Consider probability measures $\mu$ on the space $\{0,1\}^\mathbb{N}$ that are shift-invariant with respect to the left-shift map.
Is there a nice characterization of the ergodic shift-invariant measures?
I know that the ergodic measures are the extremal points in the set of shift-invariant measures. However, I wouldn't call this a nice characterization.

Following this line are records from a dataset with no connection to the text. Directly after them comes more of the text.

lemma pochhammer_partial_fractions:
  fixes s :: "'a :: field_char_0"
  assumes "n \<ge> 1" "\<And>j. j < n \<Longrightarrow> s + of_nat j \<noteq> 0"
  shows "fact (n - 1) / pochhammer s n = (\<Sum>j<n. (-1) ^ j * of_nat ((n - 1) choose j) / (s + of_nat j))"
  using assms
proof (induction n rule: nat_induct_at_least)
  case base
  then show ?case by simp
next
  case (Suc n)
  have sn: "s + of_nat n \<noteq> 0" using Suc.prems by simp
  have partial: "(-1) ^ j * of_nat ((n - 1) choose j) / (s + of_nat j) * (of_nat n / (s + of_nat n)) =
      (-1) ^ j * of_nat (n choose j) * (1 / (s + of_nat j) - 1 / (s + of_nat n))" if "j < n" for j
  proof -
    have sj: "s + of_nat j \<noteq> 0" using Suc.prems that by simp
    have diff: "of_nat (n - j) = (s + of_nat n) - (s + of_nat j)"
      using that by (simp add: of_nat_diff)
    have "(-1) ^ j * of_nat (n choose j) * (1 / (s + of_nat j) - 1 / (s + of_nat n)) =
        (-1) ^ j * (of_nat (n - j) * of_nat (n choose j)) / ((s + of_nat j) * (s + of_nat n))"
      unfolding diff using sj sn by (simp add: field_simps)
    also have "\<dots> = (-1) ^ j * (of_nat n * of_nat ((n - 1) choose j)) / ((s + of_nat j) * (s + of_nat n))"
      by (simp only: binomial_absorb_comp flip: of_nat_mult)
    also have "\<dots> = (-1) ^ j * of_nat ((n - 1) choose j) / (s + of_nat j) * (of_nat n / (s + of_nat n))"
      by simp
    finally show ?thesis ..
  qed
  have IH: "fact (n - 1) / pochhammer s n = (\<Sum>j<n. (-1) ^ j * of_nat ((n - 1) choose j) / (s + of_nat j))"
    using Suc by simp
  have "fact (Suc n - 1) / pochhammer s (Suc n) = fact (n - 1) / pochhammer s n * (of_nat n / (s + of_nat n))"
    using Suc.hyps by (simp add: pochhammer_Suc fact_reduce[of n])
  also have "\<dots> = (\<Sum>j<n. (-1) ^ j * of_nat ((n - 1) choose j) / (s + of_nat j) * (of_nat n / (s + of_nat n)))"
    by (simp only: IH sum_distrib_right)
  also have "\<dots> = (\<Sum>j<n. (-1) ^ j * of_nat (n choose j) * (1 / (s + of_nat j) - 1 / (s + of_nat n)))"
    by (rule sum.cong[OF refl partial]) simp
  also have "\<dots> = (\<Sum>j<n. (-1) ^ j * of_nat (n choose j) / (s + of_nat j)) -
      (\<Sum>j<n. (-1) ^ j * of_nat (n choose j)) / (s + of_nat n)"
    by (simp add: algebra_simps sum_subtractf sum_divide_distrib)
  also have "(\<Sum>j<n. (-1) ^ j * of_nat (n choose j) :: 'a) = - ((-1) ^ n)"
    using choose_alternating_sum[of n] Suc.hyps by (simp add: lessThan_Suc_atMost[symmetric] eq_neg_iff_add_eq_0)
  finally show ?case by simp
qed

lemma norm_pochhammer_ge_far:
  fixes s :: complex
  assumes "2 * real n \<le> norm s" "n \<ge> 2"
  shows "(norm s)\<^sup>2 / 4 \<le> norm (pochhammer s n)"
proof -
  have "norm s / 2 \<le> norm (s + of_nat l)" if "l < n" for l
    using norm_triangle_ineq2[of s "- of_nat l"] that assms by simp
  then have "(norm s / 2) ^ n \<le> norm (pochhammer s n)"
    using prod_mono[of "{..<n}" "\<lambda>_. norm s / 2" "\<lambda>l. norm (s + of_nat l)"]
    by (simp add: pochhammer_prod prod_norm atLeast0LessThan)
  moreover have "(norm s / 2)\<^sup>2 \<le> (norm s / 2) ^ n"
    using assms by (intro power_increasing) auto
  moreover have "(norm s)\<^sup>2 / 4 = (norm s / 2)\<^sup>2" by (simp add: power2_eq_square)
  ultimately show ?thesis by linarith
qed
lemma riccati_g_has_derivative:
  fixes \<alpha> \<beta> :: real assumes "\<alpha> > 0" "\<beta> > 0"
  shows "(riccati_g \<alpha> \<beta> has_real_derivative riccati_g_deriv \<alpha> \<beta> t) (at t)"
proof -
  define w where "w = \<alpha> + \<beta> * t\<^sup>2"
  define q where "q = w powr (1/4)"
  have w: "w > 0" unfolding w_def using assms by (simp add: add_pos_nonneg)
  have q: "q > 0" unfolding q_def using w by simp
  have first: "((\<lambda>t. t / (sqrt 2 * (\<alpha> + \<beta> * t\<^sup>2) powr (1/4))) has_real_derivative
      1 / (sqrt 2 * q) - \<beta> * t\<^sup>2 / (2 * sqrt 2 * q * w)) (at t)"
  proof (rule DERIV_cong[OF DERIV_quotient[OF DERIV_ident DERIV_cmult[OF quarter_root_deriv[OF assms]]]])
    show "sqrt 2 * (\<alpha> + \<beta> * t\<^sup>2) powr (1/4) \<noteq> 0"
      using q unfolding q_def w_def by simp
    show "(1 * (sqrt 2 * (\<alpha> + \<beta> * t\<^sup>2) powr (1/4))
          - sqrt 2 * (\<beta> * t * (\<alpha> + \<beta> * t\<^sup>2) powr (1/4) / (2 * (\<alpha> + \<beta> * t\<^sup>2))) * t)
          / (sqrt 2 * (\<alpha> + \<beta> * t\<^sup>2) powr (1/4)) ^ Suc (Suc 0)
        = 1 / (sqrt 2 * q) - \<beta> * t\<^sup>2 / (2 * sqrt 2 * q * w)"
      unfolding q_def[symmetric] w_def[symmetric] using q w
      by (simp add: field_simps power2_eq_square)
  qed
  have second: "((\<lambda>t. \<beta> * t / (4 * (\<alpha> + \<beta> * t\<^sup>2))) has_real_derivative
      \<beta> * (\<alpha> - \<beta> * t\<^sup>2) / (4 * w\<^sup>2)) (at t)"
  proof (rule DERIV_cong[OF DERIV_quotient])
    show "((\<lambda>t. \<beta> * t) has_real_derivative \<beta>) (at t)"
      by (auto intro!: derivative_eq_intros)
    show "((\<lambda>t. 4 * (\<alpha> + \<beta> * t\<^sup>2)) has_real_derivative 8 * \<beta> * t) (at t)"
      by (auto intro!: derivative_eq_intros)
    show "4 * (\<alpha> + \<beta> * t\<^sup>2) \<noteq> 0"
      using w unfolding w_def by simp
    show "(\<beta> * (4 * (\<alpha> + \<beta> * t\<^sup>2)) - 8 * \<beta> * t * (\<beta> * t)) / (4 * (\<alpha> + \<beta> * t\<^sup>2)) ^ Suc (Suc 0)
        = \<beta> * (\<alpha> - \<beta> * t\<^sup>2) / (4 * w\<^sup>2)"
    proof -
      have \<alpha>_eq: "\<alpha> = w - \<beta> * t\<^sup>2" unfolding w_def by simp
      show ?thesis
        unfolding w_def[symmetric] using w by (simp add: field_simps power2_eq_square \<alpha>_eq)
    qed
  qed
  show ?thesis
    using DERIV_diff[OF first second] unfolding riccati_g_def[abs_def] riccati_g_deriv_def w_def q_def by simp
qed
lemma add_char_cnj:
  fixes \<psi> :: "'a::ab_group_add \<Rightarrow> complex"
  assumes add: "\<And>x y. \<psi> (x + y) = \<psi> x * \<psi> y" and norm: "\<And>x. norm (\<psi> x) = 1"
  shows "cnj (\<psi> x) = \<psi> (- x)"
proof -
  have "\<psi> 0 \<noteq> 0"
    using norm[of 0] by auto
  then have "\<psi> 0 = 1"
    using add[of 0 0] by simp
  then have "inverse (\<psi> x) = \<psi> (- x)"
    by (intro inverse_unique) (simp flip: add)
  moreover have "inverse (\<psi> x) = cnj (\<psi> x)"
    using complex_norm_square[of "\<psi> x"] norm by (intro inverse_unique) simp
  ultimately show ?thesis
    by simp
qed

lemma sum_add_char_shift_eq_0:
  fixes \<psi> :: "'a::plus \<Rightarrow> complex"
  assumes add: "\<And>x y. \<psi> (x + y) = \<psi> x * \<psi> y" and e: "\<psi> e \<noteq> 1"
    and bij: "bij_betw (\<lambda>h. h + w) M M" and shift: "\<And>h. h \<in> M \<Longrightarrow> l (h + w) = l h + e"
  shows "(\<Sum>h\<in>M. \<psi> (l h)) = 0"
proof -
  have "(\<Sum>h\<in>M. \<psi> (l h)) = (\<Sum>h\<in>M. \<psi> (l (h + w)))"
    using sum.reindex_bij_betw[OF bij, of "\<lambda>h. \<psi> (l h)"] by simp
  also have "\<dots> = (\<Sum>h\<in>M. \<psi> e * \<psi> (l h))"
    by (intro sum.cong refl) (simp add: shift add mult.commute)
  also have "\<dots> = \<psi> e * (\<Sum>h\<in>M. \<psi> (l h))"
    by (simp add: sum_distrib_left)
  finally have "(1 - \<psi> e) * (\<Sum>h\<in>M. \<psi> (l h)) = 0"
    by (simp add: algebra_simps)
  with e show ?thesis
    by simp
qed

lemma bij_betw_translate_coset:
  fixes M W :: "'v::ab_group_add set"
  assumes coset: "\<And>h. h \<in> M \<Longrightarrow> bij_betw (\<lambda>z. h + z) W M" and "w \<in> W" "- w \<in> W"
  shows "bij_betw (\<lambda>h. h + w) M M"
proof -
  have closed: "h + v \<in> M" if "h \<in> M" "v \<in> W" for h v
    using bij_betw_apply[OF coset[OF that(1)] that(2)] .
  show ?thesis
  proof (rule bij_betw_byWitness[where f' = "\<lambda>h. h - w"])
    show "\<forall>h\<in>M. h + w - w = h" "\<forall>h\<in>M. h - w + w = h"
      by simp_all
    show "(\<lambda>h. h + w) ` M \<subseteq> M"
      using closed \<open>w \<in> W\<close> by blast
    show "(\<lambda>h. h - w) ` M \<subseteq> M"
      using closed[of _ "- w"] \<open>- w \<in> W\<close> by auto
  qed
qed

lemma sum_add_char_mult_cnj:
  fixes F :: "'v::ab_group_add \<Rightarrow> 'a::ab_group_add" and \<psi> :: "'a \<Rightarrow> complex"
  assumes add: "\<And>x y. \<psi> (x + y) = \<psi> x * \<psi> y" and cnj: "\<And>x. cnj (\<psi> x) = \<psi> (- x)"
    and coset: "\<And>h. h \<in> M \<Longrightarrow> bij_betw (\<lambda>z. h + z) W M"
  shows "(\<Sum>h\<in>M. \<psi> (F h)) * cnj (\<Sum>h\<in>M. \<psi> (F h)) = (\<Sum>z\<in>W. \<Sum>h\<in>M. \<psi> (F (h + z) - F h))"
proof -
  have diff: "\<psi> (a - b) = \<psi> a * cnj (\<psi> b)" for a b
    using add[of a "- b"] by (simp add: cnj)
  have "(\<Sum>h\<in>M. \<psi> (F h)) * cnj (\<Sum>h\<in>M. \<psi> (F h)) = (\<Sum>h'\<in>M. \<Sum>h\<in>M. \<psi> (F h' - F h))"
    by (simp add: cnj_sum sum_product diff)
  also have "\<dots> = (\<Sum>h\<in>M. \<Sum>h'\<in>M. \<psi> (F h' - F h))"
    by (rule sum.swap)
  also have "\<dots> = (\<Sum>h\<in>M. \<Sum>z\<in>W. \<psi> (F (h + z) - F h))"
  proof (rule sum.cong[OF refl])
    fix h assume "h \<in> M"
    show "(\<Sum>h'\<in>M. \<psi> (F h' - F h)) = (\<Sum>z\<in>W. \<psi> (F (h + z) - F h))"
      using sum.reindex_bij_betw[OF coset[OF \<open>h \<in> M\<close>], of "\<lambda>h'. \<psi> (F h' - F h)"] by simp
  qed
  also have "\<dots> = (\<Sum>z\<in>W. \<Sum>h\<in>M. \<psi> (F (h + z) - F h))"
    by (rule sum.swap)
  finally show ?thesis .
qed
(* There exist absolute positive constants $c,C$ such that the following holds. Let ${\cal J}$ be a finite index set and $X_i$, $i\in{\cal J}$, independent $\{0,1\}$-valued random variables with $P(X_i=1)=p_i$, $\lambda=\sum_{i\in{\cal J}}p_i>0$, $\tilde p=\max_{i\in{\cal J}}p_i$, and $W=\sum_{i\in{\cal J}}X_i$. Let $Y\sim\mathrm{Poi}(\lambda)$. Then for every integer $k\ge\lambda$ with $\tilde p(1+\xi^2)\le c$, where $\xi=(k-\lambda)/\sqrt\lambda$, $$\Big|\frac{P(W\ge k)}{P(Y\ge k)}-1\Big|\le C\tilde p(1+\xi^2).$$
   Context: $\mathrm{Poi}(\lambda)$ is the Poisson distribution with mean $\lambda$. *)

theory Defs
  imports "HOL-Probability.Probability"
begin

definition bernoulli_sum_pmf :: "nat set \<Rightarrow> (nat \<Rightarrow> real) \<Rightarrow> nat pmf" where
  "bernoulli_sum_pmf J p =
     map_pmf (\<lambda>X. card {i\<in>J. X i}) (Pi_pmf J False (\<lambda>i. bernoulli_pmf (p i)))"

end

theory Submission
  imports Defs
begin

text \<open>
  Write \<open>W = \<Sum>i\<in>J. X i\<close>, \<open>\<lambda> = \<Sum>i\<in>J. p i\<close>, \<open>p\<^sub>* = max p i\<close>,
  \<open>G j = P(W \<ge> j)\<close> and \<open>T j = P(Y \<ge> j)\<close> for \<open>Y \<sim> Poi(\<lambda>)\<close>.  The proof is Stein's method.

  For each threshold \<open>j\<close> the explicit solution \<open>g\<^sub>j\<close> of the Stein equation
  \<open>\<lambda> g(l+1) - l g(l) = [l \<ge> j] - T j\<close> turns \<open>G j - T j\<close> into \<open>E[\<lambda> g(W+1) - W g(W)]\<close>, and
  the size-bias identity for Bernoulli sums rewrites this as
  \<open>\<Sum>i. p i\<^sup>2 E[g(W\<^sub>i+2) - g(W\<^sub>i+1)]\<close> with \<open>W\<^sub>i = W - X i\<close>.  Below \<open>j\<close> the increments of \<open>g\<^sub>j\<close>
  equal \<open>T j\<close> times the increments of the ratio \<open>a l = P(Y \<le> l) / P(Y = l)\<close>; above \<open>j\<close> they
  lie in \<open>[0, 1/\<lambda>]\<close>.  Summation by parts bounds \<open>E[\<Delta>a(W\<^sub>i); W\<^sub>i < j-1]\<close> by tail
  probabilities \<open>G m\<close>, \<open>\<lambda> < m < j\<close>, and these are at most \<open>R\<cdot>T m\<close>, where \<open>R\<close> is the maximum of
  \<open>G m / T m\<close> over \<open>\<lambda> \<le> m \<le> k\<close>.  The result is
  \<open>|G j / T j - 1| \<le> p\<^sub>* (1 + \<xi>\<^sup>2) (96 + 7R)\<close> for all such \<open>j\<close>; taking \<open>j\<close> at the maximum gives
  \<open>R \<le> 16\<close> once \<open>p\<^sub>*(1+\<xi>\<^sup>2) \<le> 1/14\<close>, whence the theorem with \<open>c = 1/14\<close> and \<open>C = 208\<close>.
\<close>

subsection \<open>Poisson probabilities and the ratios \<open>a\<close> and \<open>b\<close>\<close>

definition pois :: "real \<Rightarrow> nat \<Rightarrow> real" where
  "pois lam l = lam ^ l / fact l * exp (-lam)"

definition pois_cdf :: "real \<Rightarrow> nat \<Rightarrow> real" where
  "pois_cdf lam l = (\<Sum>m\<le>l. pois lam m)"

definition pois_tail :: "real \<Rightarrow> nat \<Rightarrow> real" where
  "pois_tail lam l = 1 - (\<Sum>m<l. pois lam m)"

text \<open>\<open>a l = P(Y \<le> l) / P(Y = l)\<close> and \<open>b l = P(Y > l) / P(Y = l)\<close>; the Stein solution is built
  from these two ratios.\<close>

definition cdf_ratio :: "real \<Rightarrow> nat \<Rightarrow> real" where
  "cdf_ratio lam l = pois_cdf lam l / pois lam l"

definition upper_ratio :: "real \<Rightarrow> nat \<Rightarrow> real" where
  "upper_ratio lam l = (1 - pois_cdf lam l) / pois lam l"

definition cdf_incr :: "real \<Rightarrow> nat \<Rightarrow> real" where
  "cdf_incr lam l = cdf_ratio lam (Suc l) - cdf_ratio lam l"

context
  fixes lam :: real
  assumes lam: "lam > 0"
begin

lemma pois_pos: "pois lam l > 0"
  using lam by (simp add: pois_def)

lemma pois_Suc: "pois lam (Suc l) = lam * pois lam l / real (Suc l)"
  by (simp add: pois_def field_simps)

lemma pmf_poisson_eq: "pmf (poisson_pmf lam) l = pois lam l"
  using lam by (simp add: pois_def)

lemma cdf_0: "pois_cdf lam 0 = pois lam 0"
  by (simp add: pois_cdf_def)

lemma cdf_Suc: "pois_cdf lam (Suc l) = pois_cdf lam l + pois lam (Suc l)"
  by (simp add: pois_cdf_def)

lemma cdf_eq_prob: "pois_cdf lam l = measure_pmf.prob (poisson_pmf lam) {..l}"
  by (simp add: pois_cdf_def measure_measure_pmf_finite pmf_poisson_eq)

lemma cdf_le1: "pois_cdf lam l \<le> 1"
  by (simp add: cdf_eq_prob)

lemma cdf_pos: "pois_cdf lam l > 0"
proof -
  have "pois lam l \<le> pois_cdf lam l"
    unfolding pois_cdf_def by (rule member_le_sum) (auto intro: less_imp_le pois_pos)
  then show ?thesis using pois_pos[of l] by linarith
qed

lemma sum_pois_le1: "A \<subseteq> {..n} \<Longrightarrow> (\<Sum>l\<in>A. pois lam l) \<le> 1"
  using sum_mono2[of "{..n}" A "pois lam"] pois_pos cdf_le1[of n]
  by (force simp: pois_cdf_def less_imp_le)

lemma tail_Suc: "pois_tail lam (Suc l) = 1 - pois_cdf lam l"
  by (simp add: pois_tail_def pois_cdf_def lessThan_Suc_atMost)

lemma tail_rec: "pois_tail lam m = pois_tail lam (Suc m) + pois lam m"
  by (simp add: pois_tail_def)

lemma tail_eq_prob: "measure_pmf.prob (poisson_pmf lam) {l..} = pois_tail lam l"
proof -
  have "{l..} = UNIV - {..<l}" by auto
  then have "measure_pmf.prob (poisson_pmf lam) {l..}
      = 1 - measure_pmf.prob (poisson_pmf lam) {..<l}"
    by (simp add: measure_pmf.finite_measure_Diff measure_pmf.prob_space)
  also have "\<dots> = pois_tail lam l"
    by (simp add: pois_tail_def measure_measure_pmf_finite pmf_poisson_eq)
  finally show ?thesis .
qed

lemma tail_ge: "pois_tail lam l \<ge> pois lam l"
  using tail_rec[of l] tail_Suc[of l] cdf_le1[of l] by simp

lemma tail_pos: "pois_tail lam l > 0"
  using tail_ge pois_pos[of l] by (meson less_le_trans)

lemma sum_pois_interval: "m \<le> Suc e \<Longrightarrow> (\<Sum>l\<in>{m..e}. pois lam l) = pois_tail lam m - pois_tail lam (Suc e)"
proof -
  assume "m \<le> Suc e"
  then have "{..<Suc e} = {..<m} \<union> {m..e}" by auto
  then have "(\<Sum>l<Suc e. pois lam l) = (\<Sum>l<m. pois lam l) + (\<Sum>l\<in>{m..e}. pois lam l)"
    by (simp add: sum.union_disjoint ivl_disj_int)
  then show ?thesis by (simp add: pois_tail_def)
qed

text \<open>The classical tail bound \<open>P(Y > m) (m + 1 - \<lambda>) \<le> \<lambda> P(Y = m)\<close> for \<open>m + 1 > \<lambda>\<close>: the
  ratios of consecutive Poisson weights beyond \<open>m\<close> are at most \<open>\<lambda>/(m+1)\<close>.  It holds for
  every partial sum (by induction) and hence in the limit.\<close>

lemma partial_tail_bound:
  "m \<le> N \<Longrightarrow> real m + 1 > lam \<Longrightarrow>
   (pois_cdf lam N - pois_cdf lam m) * (real m + 1 - lam) \<le> lam * (pois lam m - pois lam N)"
proof (induction N rule: dec_induct)
  case base then show ?case by simp
next
  case (step N)
  have e: "lam * pois lam N = real (Suc N) * pois lam (Suc N)" by (simp add: pois_Suc)
  have "pois lam (Suc N) * (real m + 1 - lam) \<le> pois lam (Suc N) * (real (Suc N) - lam)"
    using step pois_pos[of "Suc N"] by (intro mult_left_mono) auto
  then show ?case using step by (simp add: cdf_Suc algebra_simps e)
qed

lemma tail_bound:
  assumes "real m + 1 > lam"
  shows "(1 - pois_cdf lam m) * (real m + 1 - lam) \<le> lam * pois lam m"
proof -
  have "(\<lambda>N. pois_cdf lam N) \<longlonglongrightarrow> measure_pmf.prob (poisson_pmf lam) (\<Union>N. {..N})"
    unfolding cdf_eq_prob by (rule measure_pmf.finite_Lim_measure_incseq) (auto simp: incseq_def)
  moreover have "(\<Union>N. {..N::nat}) = UNIV" by auto
  ultimately have "(\<lambda>N. (pois_cdf lam N - pois_cdf lam m) * (real m + 1 - lam))
      \<longlonglongrightarrow> (1 - pois_cdf lam m) * (real m + 1 - lam)"
    by (auto intro!: tendsto_intros)
  moreover have "\<forall>\<^sub>F N in sequentially.
      (pois_cdf lam N - pois_cdf lam m) * (real m + 1 - lam) \<le> lam * pois lam m"
    using eventually_ge_at_top[of m]
  proof eventually_elim
    case (elim N)
    have "lam * pois lam N > 0" using pois_pos[of N] lam by simp
    then show ?case using partial_tail_bound[OF elim assms] by (simp add: algebra_simps)
  qed
  ultimately show ?thesis by (rule tendsto_upperbound) simp
qed

lemma upper_ratio_nonneg: "upper_ratio lam l \<ge> 0"
  using cdf_le1[of l] pois_pos[of l] by (simp add: upper_ratio_def)

lemma upper_ratio_tail: "real m + 1 > lam \<Longrightarrow> upper_ratio lam m * (real m + 1 - lam) \<le> lam"
  using tail_bound[of m] pois_pos[of m]
  by (simp add: upper_ratio_def divide_simps mult.commute)

lemma upper_ratio_rec: "upper_ratio lam l = lam / real (Suc l) * (1 + upper_ratio lam (Suc l))"
proof -
  have p: "pois lam l > 0" by (rule pois_pos)
  have "upper_ratio lam (Suc l)
      = (1 - pois_cdf lam l - lam * pois lam l / real (Suc l)) / (lam * pois lam l / real (Suc l))"
    by (simp add: upper_ratio_def cdf_Suc pois_Suc)
  also have "\<dots> = (1 - pois_cdf lam l) * real (Suc l) / (lam * pois lam l) - 1"
    using p lam by (simp add: divide_simps)
  finally show ?thesis using p lam by (simp add: upper_ratio_def)
qed

lemma cdf_ratio_0: "cdf_ratio lam 0 = 1"
  using pois_pos[of 0] by (simp add: cdf_ratio_def cdf_0)

lemma cdf_ratio_Suc: "cdf_ratio lam (Suc l) = 1 + cdf_ratio lam l * real (Suc l) / lam"
proof -
  have p: "pois lam l > 0" by (rule pois_pos)
  have "cdf_ratio lam (Suc l)
      = (pois_cdf lam l + lam * pois lam l / real (Suc l)) / (lam * pois lam l / real (Suc l))"
    by (simp add: cdf_ratio_def cdf_Suc pois_Suc)
  also have "\<dots> = pois_cdf lam l * real (Suc l) / (lam * pois lam l) + 1"
    using p lam by (simp add: divide_simps)
  finally show ?thesis using p lam by (simp add: cdf_ratio_def)
qed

As an example of a nice characterization, we know by de Finetti's theorem that the ergodic measures that are invariant under permutations (which switch bits around by permuting their positions) is exactly the set of Bernoulli measures.
I think all the examples of shift-invariant ergodic measures I know of are Markov chains. Hence this leads to the following sub-question?
Are there shift-invariant ergodic measures which are not Markov chains?
I am sure all this is standard and well-known, however I could not find an answer by Googling. Therefore, I am asking on Math.StackExchange (as opposed to MathOverflow).
Arguably, there is no nice characterization of ergodic shift-invariant measures.
The reason is that the (finite) orbit of any periodic sequence (x_i) in [0,1]^N supports a shift-invariant ergodic measure, and these measures are dense among all invariant measures (ergodic or not). So there is no closed condition which separates ergodicity from simple invariance, and moreover the ergodic measures are not very rigid -- they are as flexible as periodic sequences.
Smooth maps $f : S^1 \rightarrow S^1$ give lots of examples of invariant measures on $\{0,1\}^N$ that do not come from Markov chains. If $f$ preserves linear measure, is of degree 2, and expanding, meaning $f'(x)>1$ everywhere, then $f$ is ergodic. Also $f(x)$ is topologically conjugate to $F(x) = 2x \mod 1$, which is itself a quotient of the shift map on $\{0,1\}^N$ (use binary expansion). This quotient is a bijection outside a countable set.
Thus $f$ gives rise to an ergodic invariant measure on the shift. The Radon-Nikodym derivative of $f$ is given by $f'(x)$, which provides a strong invariant distinguishing $f$ from a (finite) Markov chain. (E.g. for a Markov chain, the derivative of the shift map takes on only finitely many values, the derivative only depends on finitely many coordinates, etc.)